lemma klein4_if_commutes_swapA:
  assumes "integral_mat B" "B ** swapA = swapA ** B" "\<bar>det B\<bar> = 1"
  shows "B \<in> klein4"
proof -
  have "(B ** swapA)$1$1 = (swapA ** B)$1$1" "(B ** swapA)$1$2 = (swapA ** B)$1$2"
    by (simp_all only: assms(2))
  then have sym: "B$2$2 = B$1$1" "B$2$1 = B$1$2"
    by (simp_all add: matrix_matrix_mult_2)
  obtain p q where p: "B$1$1 = of_int p" and q: "B$1$2 = of_int q"
    using assms(1) by (metis integral_mat_2 Ints_cases)
  have "real_of_int \<bar>(p + q) * (p - q)\<bar> = 1"
    using assms(3) by (simp add: det_2 sym p q algebra_simps)
  then have "\<bar>p + q\<bar> * \<bar>p - q\<bar> = 1"
    unfolding of_int_eq_1_iff abs_mult .
  then have "\<bar>p + q\<bar> = 1" "\<bar>p - q\<bar> = 1"
    by (auto simp: zmult_eq_1_iff)
  then have "(p = 1 \<and> q = 0) \<or> (p = -1 \<and> q = 0) \<or> (p = 0 \<and> q = 1) \<or> (p = 0 \<and> q = -1)"
    by arith
  then show ?thesis
    unfolding klein4_def by (auto simp: mat2_eq_iff sym p q)
qed

lemma aff_0_in_gen_group_klein4_iff:
  "aff 0 B \<in> gen_group {aff 0 (- I2), aff 0 swapA} \<longleftrightarrow> B \<in> klein4"
proof
  have "gen_group {aff 0 (- I2), aff 0 swapA} \<subseteq> aff 0 ` klein4"
  proof (rule gen_group_least)
    show "id \<in> aff 0 ` klein4"
      by (simp add: aff_0_I2 [symmetric] klein4_def)
    show "f \<circ> g \<in> aff 0 ` klein4" if "f \<in> aff 0 ` klein4" "g \<in> aff 0 ` klein4" for f g
      using that klein4_mult by (auto simp: aff_comp)
    show "inv f \<in> aff 0 ` klein4" if "f \<in> aff 0 ` klein4" for f
      using that inv_aff [OF klein4_mult_self klein4_mult_self] by auto
  qed (simp add: klein4_def)
  then show "B \<in> klein4" if "aff 0 B \<in> gen_group {aff 0 (- I2), aff 0 swapA}"
    using that by (auto simp: aff_eq_iff)
next
  let ?G = "gen_group {aff 0 (- I2), aff 0 swapA}"
  have gens: "aff 0 (- I2) \<in> ?G" "aff 0 swapA \<in> ?G"
    by (simp_all add: gen_group.gen_gen)
  have "aff 0 (- swapA) = aff 0 (- I2) \<circ> aff 0 swapA"
    by (simp add: aff_comp aff_eq_iff mat2_eq_iff matrix_matrix_mult_2)
  then have "aff 0 (- swapA) \<in> ?G"
    using gens gen_group.gen_comp by metis
  moreover have "aff 0 I2 \<in> ?G"
    by (simp add: aff_0_I2 gen_group.gen_id)
  ultimately show "aff 0 B \<in> ?G" if "B \<in> klein4"
    using that gens unfolding klein4_def by auto
qed

definition cm_group :: "(real^2 \<Rightarrow> real^2) set" where
  "cm_group = {aff v C | v C. integral_vec v \<and> C \<in> {I2, swapA}}"

lemma cm_groupE:
  assumes "f \<in> cm_group"
  obtains v C where "f = aff v C" "integral_vec v" "C \<in> {I2, swapA}"
  using assms unfolding cm_group_def by blast

lemma aff_in_cm_group_iff: "aff v C \<in> cm_group \<longleftrightarrow> integral_vec v \<and> C \<in> {I2, swapA}"
  by (auto simp: cm_group_def aff_eq_iff)

lemma cm_group_comp:
  assumes "f \<in> cm_group" "g \<in> cm_group"
  shows "f \<circ> g \<in> cm_group"
proof -
  obtain v C w D where "f = aff v C" "integral_vec v" "C \<in> {I2, swapA}"
    and "g = aff w D" "integral_vec w" "D \<in> {I2, swapA}"
    using assms by (elim cm_groupE)
  moreover have "integral_mat C"
    using \<open>C \<in> {I2, swapA}\<close> by (auto intro: integral_mat_klein4 simp: klein4_def)
  ultimately show ?thesis
    by (auto simp: aff_comp aff_in_cm_group_iff intro: integral_vec_add integral_mat_vector_mult)
qed

lemma cm_group_inv:
  assumes "f \<in> cm_group"
  shows "inv f \<in> cm_group"
proof -
  obtain v C where "f = aff v C" "integral_vec v" "C \<in> {I2, swapA}"
    using assms by (elim cm_groupE)
  moreover from this have "C ** C = I2" "integral_mat C"
    by (auto intro: integral_mat_klein4 klein4_mult_self simp: klein4_def)
  ultimately show ?thesis
    by (simp add: inv_aff aff_in_cm_group_iff integral_vec_uminus integral_mat_vector_mult)
qed

lemma gen_group_cm_generators:
  "gen_group {aff (axis 1 1) I2, aff (axis 2 1) I2, aff 0 swapA} = cm_group"
  (is "?G = _")
proof
  show "?G \<subseteq> cm_group"
  proof (rule gen_group_least)
    show "id \<in> cm_group"
      by (metis aff_0_I2 aff_in_cm_group_iff insertI1 integral_vec_zero)
  qed (simp_all add: cm_group_comp cm_group_inv aff_in_cm_group_iff integral_vec_axis
      integral_vec_zero)
next
  show "cm_group \<subseteq> ?G"
  proof (rule subsetI, elim cm_groupE)
    fix f v C
    assume f: "f = aff v C" and "integral_vec v" and C: "C \<in> {I2, swapA}"
    then obtain i j where ij: "v$1 = of_int i" "v$2 = of_int j"
      by (metis integral_vec_2 Ints_cases)
    have "aff v I2 = aff (of_int i *\<^sub>R axis 1 1) I2 \<circ> aff (of_int j *\<^sub>R axis 2 1) I2"
      by (simp add: aff_comp aff_eq_iff vec2_eq_iff ij axis_def)
    then have "aff v I2 \<in> ?G"
      by (metis aff_translation_int_in_gen_group gen_group.gen_comp gen_group.gen_gen insertI1
          insertI2)
    moreover have "aff v swapA = aff v I2 \<circ> aff 0 swapA"
      by (simp add: aff_comp)
    moreover have "aff 0 swapA \<in> ?G"
      by (simp add: gen_group.gen_gen)
    ultimately show "f \<in> ?G"
      using f C by (auto intro: gen_group.gen_comp)
  qed
qed

lemma integral_vec_diff_swapA_iff: "integral_vec (b - swapA *v b) \<longleftrightarrow> b$1 - b$2 \<in> \<int>"
proof -
  have "(b - swapA *v b)$1 = b$1 - b$2" "(b - swapA *v b)$2 = - (b$1 - b$2)"
    by (simp_all add: matrix_vector_mult_2)
  then show ?thesis
    by (simp only: integral_vec_2 minus_in_Ints_iff conj_absorb)
qed

lemma conj_into_cm_group_imp:
  assumes inverse: "B ** Bi = I2" "Bi ** B = I2"
    and conj_into: "\<forall>m\<in>cm_group. aff b B \<circ> m \<circ> inv (aff b B) \<in> cm_group"
  shows "integral_mat B \<and> B ** swapA = swapA ** B \<and> b$1 - b$2 \<in> \<int>"
proof -
  have "aff b B \<circ> aff (axis j 1) I2 \<circ> inv (aff b B) = aff (B *v axis j 1) I2" for j
    using aff_conj [OF inverse] inverse by simp
  then have "integral_vec (B *v axis j 1)" for j
    using conj_into by (metis aff_in_cm_group_iff insertI1 integral_vec_axis)
  then have "integral_mat B"
    by (simp add: integral_mat_iff_columns)
  define D where "D = B ** swapA ** Bi"
  have "aff 0 swapA \<in> cm_group"
    by (simp add: aff_in_cm_group_iff integral_vec_zero)
  then have "aff b B \<circ> aff 0 swapA \<circ> inv (aff b B) \<in> cm_group"
    using conj_into by blast
  then have "aff (b - D *v b) D \<in> cm_group"
    by (simp add: aff_conj [OF inverse] D_def)
  then have D: "integral_vec (b - D *v b)" "D \<in> {I2, swapA}"
    by (simp_all add: aff_in_cm_group_iff)
  have "Bi ** D ** B = (Bi ** B) ** swapA ** (Bi ** B)"
    by (simp only: D_def matrix_mul_assoc)
  then have "Bi ** D ** B = swapA"
    using inverse by simp
  then have "D = swapA"
    using D(2) inverse swapA_neq_I2 by auto
  have "D ** B = (B ** swapA) ** (Bi ** B)"
    by (simp only: D_def matrix_mul_assoc)
  then have "B ** swapA = swapA ** B"
    using inverse \<open>D = swapA\<close> by simp
  with \<open>integral_mat B\<close> D(1) \<open>D = swapA\<close> show ?thesis
    by (simp add: integral_vec_diff_swapA_iff)
qed

lemma conj_into_cm_group_if:
  assumes "B \<in> klein4" "b$1 - b$2 \<in> \<int>" "m \<in> cm_group"
  shows "aff b B \<circ> m \<circ> inv (aff b B) \<in> cm_group"
proof -
  obtain v C where m: "m = aff v C" "integral_vec v" "C \<in> {I2, swapA}"
    using assms(3) by (elim cm_groupE)
  have BB: "B ** B = I2"
    using assms(1) by (rule klein4_mult_self)
  have "B ** swapA ** B = swapA"
    by (metis BB klein4_commutes_swapA [OF assms(1)] matrix_mul_assoc I2_simps(3))
  then have "B ** C ** B = C"
    using m(3) BB by auto
  then have "aff b B \<circ> m \<circ> inv (aff b B) = aff (B *v v + (b - C *v b)) C"
    using aff_conj [OF BB BB, of b v C] m(1) by (simp add: algebra_simps)
  moreover have "integral_vec (b - C *v b)"
    using m(3) assms(2) by (auto simp: integral_vec_diff_swapA_iff integral_vec_zero)
  ultimately show ?thesis
    using m(2,3) integral_mat_klein4 [OF assms(1)]
    by (simp add: aff_in_cm_group_iff integral_vec_add integral_mat_vector_mult)
qed

lemma aff_normalizes_cm_group_iff:
  assumes inverse: "B ** Bi = I2" "Bi ** B = I2"
  shows "(\<lambda>m. aff b B \<circ> m \<circ> inv (aff b B)) ` cm_group = cm_group \<longleftrightarrow>
           b$1 - b$2 \<in> \<int> \<and> B \<in> klein4"
proof -
  define c where "c = - (Bi *v b)"
  have inv_aff_b: "inv (aff b B) = aff c Bi"
    unfolding c_def using inv_aff [OF inverse] .
  have "inv (aff c Bi) = aff b B"
    using inv_aff [OF inverse(2,1), of c] inverse
    by (simp add: c_def matrix_vector_mult_uminus_right matrix_vector_mul_assoc)
  then have "(\<lambda>m. aff b B \<circ> m \<circ> inv (aff b B)) ` cm_group = cm_group \<longleftrightarrow>
      (\<forall>m\<in>cm_group. aff b B \<circ> m \<circ> inv (aff b B) \<in> cm_group) \<and>
      (\<forall>m\<in>cm_group. aff c Bi \<circ> m \<circ> inv (aff c Bi) \<in> cm_group)"
    using conj_image_eq_iff [OF bij_aff [OF inverse], of b cm_group] by (simp only: inv_aff_b)
  also have "\<dots> \<longleftrightarrow> b$1 - b$2 \<in> \<int> \<and> B \<in> klein4"
  proof
    assume "(\<forall>m\<in>cm_group. aff b B \<circ> m \<circ> inv (aff b B) \<in> cm_group) \<and>
      (\<forall>m\<in>cm_group. aff c Bi \<circ> m \<circ> inv (aff c Bi) \<in> cm_group)"
    then have "integral_mat B \<and> B ** swapA = swapA ** B \<and> b$1 - b$2 \<in> \<int>" "integral_mat Bi"
      using conj_into_cm_group_imp [OF inverse] conj_into_cm_group_imp [OF inverse(2,1)] by blast+
    moreover from this have "\<bar>det B\<bar> = 1"
      using abs_det_integral_inverse inverse(1) unfolding I2_def by blast
    ultimately show "b$1 - b$2 \<in> \<int> \<and> B \<in> klein4"
      using klein4_if_commutes_swapA by blast
  next
    assume b: "b$1 - b$2 \<in> \<int> \<and> B \<in> klein4"
    then have "Bi = B"
      using inverse(1) klein4_mult_self by (metis I2_simps(2) matrix_mul_assoc)
    then have "c - swapA *v c = - (B *v (b - swapA *v b))"
      using klein4_commutes_swapA b
      by (simp add: c_def matrix_vector_mult_uminus_right matrix_vector_mult_diff_distrib
          matrix_vector_mul_assoc)
    then have "c$1 - c$2 \<in> \<int>"
      using b integral_mat_klein4
      by (metis integral_vec_diff_swapA_iff integral_vec_uminus integral_mat_vector_mult)
    then show "(\<forall>m\<in>cm_group. aff b B \<circ> m \<circ> inv (aff b B) \<in> cm_group) \<and>
      (\<forall>m\<in>cm_group. aff c Bi \<circ> m \<circ> inv (aff c Bi) \<in> cm_group)"
      using b \<open>Bi = B\<close> conj_into_cm_group_if by blast
  qed
  finally show ?thesis .
qed

lemma affine_normalizer_cm_group:
  "affine_normalizer cm_group = {aff b B | b B. b$1 - b$2 \<in> \<int> \<and> B \<in> klein4}"
proof (intro set_eqI iffI)
  fix f
  assume "f \<in> affine_normalizer cm_group"
  then obtain b B Bi where "f = aff b B" "B ** Bi = I2" "Bi ** B = I2"
    and "(\<lambda>m. f \<circ> m \<circ> inv f) ` cm_group = cm_group"
    unfolding affine_normalizer_def affine_group_def invertible_def I2_def by blast
  then show "f \<in> {aff b B | b B. b$1 - b$2 \<in> \<int> \<and> B \<in> klein4}"
    using aff_normalizes_cm_group_iff by blast
next
  fix f
  assume "f \<in> {aff b B | b B. b$1 - b$2 \<in> \<int> \<and> B \<in> klein4}"
  then obtain b B where "f = aff b B" "b$1 - b$2 \<in> \<int>" "B \<in> klein4"
    by blast
  moreover from this have "B ** B = I2"
    by (simp add: klein4_mult_self)
  ultimately show "f \<in> affine_normalizer cm_group"
    using aff_normalizes_cm_group_iff [of B B b]
    unfolding affine_normalizer_def affine_group_def invertible_def I2_def by auto
qed

theorem lemma13:
  shows "affine_normalizer
           (gen_group {aff (axis 1 1) I2, aff (axis 2 1) I2, aff 0 swapA})
         = {aff b B | b B. b $ 1 - b $ 2 \<in> \<int> \<and>
              aff 0 B \<in> gen_group {aff 0 (- I2), aff 0 swapA}}"
  using affine_normalizer_cm_group
  by (simp add: gen_group_cm_generators aff_0_in_gen_group_klein4_iff)

end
____________________
#### PROBLEM TO WORK ON:
Take each line of the material above that holds the string "unfolding" and copy it.

#### TASK SOLUTION:
    unfolding of_int_eq_1_iff abs_mult .
    unfolding klein4_def by (auto simp: mat2_eq_iff sym p q)
    using that gens unfolding klein4_def by auto
  using assms unfolding cm_group_def by blast
    unfolding c_def using inv_aff [OF inverse] .
      using abs_det_integral_inverse inverse(1) unfolding I2_def by blast
    unfolding affine_normalizer_def affine_group_def invertible_def I2_def by blast
    unfolding affine_normalizer_def affine_group_def invertible_def I2_def by auto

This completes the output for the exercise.